Exercise objective>
In the material below, find every line containing "bool" and copy that line.
══════
(* In the single-client model described in the context with fixed memory capacity $k$, as the number $N$ of observed test samples tends to infinity, every memory element converges in probability to the corresponding point $m^*_y$, where $m_0^*=-\mu-w_{\mathrm{pre}}$ and $m_1^*=\mu+w_{\mathrm{pre}}$; that is, for each $y\in\{0,1\}$ and every $\rho>0$, the probability that $M_y$ contains $k$ elements and each element $m_{y,\kappa}$, $\kappa=1,\dots,k$, satisfies $\|m_{y,\kappa}-m^*_y\|_2\le\rho$ tends to $1$ as $N\to\infty$.
   Context: Fix $d\ge 1$, $\mu\in\mathbb{R}^d$, $w_{\mathrm{pre}}\in\mathbb{R}^d$ with $\|w_{\mathrm{pre}}\|_2=1$, $b_{\mathrm{pre}}\in\mathbb{R}$, $t>0$. Data: label $y$ uniform on $\{0,1\}$; given $y$, embedding $f$ uniform on the closed unit ball centered at $(2y-1)\mu$. Initial classifier $z(f)=f^\top w_{\mathrm{pre}}+b_{\mathrm{pre}}$, $\hat p_1=1/(1+e^{-tz(f)})$, $\hat p_0=1-\hat p_1$, $\hat y(f)=\mathbf 1\{z(f)>0\}$, entropy $H(f)=-\hat p_1\log\hat p_1-\hat p_0\log\hat p_0$. Assumption: the error rate $\epsilon_{\mathrm{pre}}=\Pr(\hat y(f)\ne y)<1/2$, equivalently $\mu^\top w_{\mathrm{pre}}>0$ and $-\mu^\top w_{\mathrm{pre}}-1<b_{\mathrm{pre}}<\mu^\top w_{\mathrm{pre}}+1$. The client observes i.i.d. embeddings $f_1,\dots,f_N$; for $y\in\{0,1\}$ the memory $M_y=\{m_{y,1},\dots\}$ consists of the (at most) $k$ observed embeddings with $\hat y=y$ having the smallest entropy. *)

theory Defs
  imports "HOL-Probability.Probability"
begin

text \<open>Labels y in {0,1} are encoded as bool (True = 1, False = 0).\<close>

definition center :: "'a::euclidean_space \<Rightarrow> bool \<Rightarrow> 'a" where
  "center \<mu> y = (if y then \<mu> else - \<mu>)"

definition data_dist :: "'a::euclidean_space \<Rightarrow> (bool \<times> 'a) measure" where
  "data_dist \<mu> = measure_pmf (bernoulli_pmf (1/2)) \<bind>
     (\<lambda>y. distr (uniform_measure lborel (cball (center \<mu> y) 1))
                 (count_space UNIV \<Otimes>\<^sub>M borel) (\<lambda>f. (y, f)))"

definition logit :: "'a::euclidean_space \<Rightarrow> real \<Rightarrow> 'a \<Rightarrow> real" where
  "logit w b f = f \<bullet> w + b"

definition phat1 :: "real \<Rightarrow> 'a::euclidean_space \<Rightarrow> real \<Rightarrow> 'a \<Rightarrow> real" where
  "phat1 t w b f = 1 / (1 + exp (- t * logit w b f))"

definition yhat :: "'a::euclidean_space \<Rightarrow> real \<Rightarrow> 'a \<Rightarrow> bool" where
  "yhat w b f = (logit w b f > 0)"

definition entropy :: "real \<Rightarrow> 'a::euclidean_space \<Rightarrow> real \<Rightarrow> 'a \<Rightarrow> real" where
  "entropy t w b f = (let p1 = phat1 t w b f; p0 = 1 - p1 in - p1 * ln p1 - p0 * ln p0)"

text \<open>Memory M_y built from observations f_0,...,f_{N-1}: the (at most) k indices i with
  predicted label y having smallest entropy; ties (a null event) are broken by index.
  Represented as a set of sample indices.\<close>
definition memory :: "real \<Rightarrow> 'a::euclidean_space \<Rightarrow> real \<Rightarrow> nat \<Rightarrow> nat \<Rightarrow> bool \<Rightarrow> (nat \<Rightarrow> 'a) \<Rightarrow> nat set" where
  "memory t w b k N y fs =
     {i. i < N \<and> yhat w b (fs i) = y \<and>
         card {j. j < N \<and> yhat w b (fs j) = y \<and>
                  (entropy t w b (fs j) < entropy t w b (fs i) \<or>
                   (entropy t w b (fs j) = entropy t w b (fs i) \<and> j < i))} < k}"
══════
Result below>
text \<open>Labels y in {0,1} are encoded as bool (True = 1, False = 0).\<close>
definition center :: "'a::euclidean_space \<Rightarrow> bool \<Rightarrow> 'a" where
definition data_dist :: "'a::euclidean_space \<Rightarrow> (bool \<times> 'a) measure" where
definition yhat :: "'a::euclidean_space \<Rightarrow> real \<Rightarrow> 'a \<Rightarrow> bool" where
definition memory :: "real \<Rightarrow> 'a::euclidean_space \<Rightarrow> real \<Rightarrow> nat \<Rightarrow> nat \<Rightarrow> bool \<Rightarrow> (nat \<Rightarrow> 'a) \<Rightarrow> nat set" where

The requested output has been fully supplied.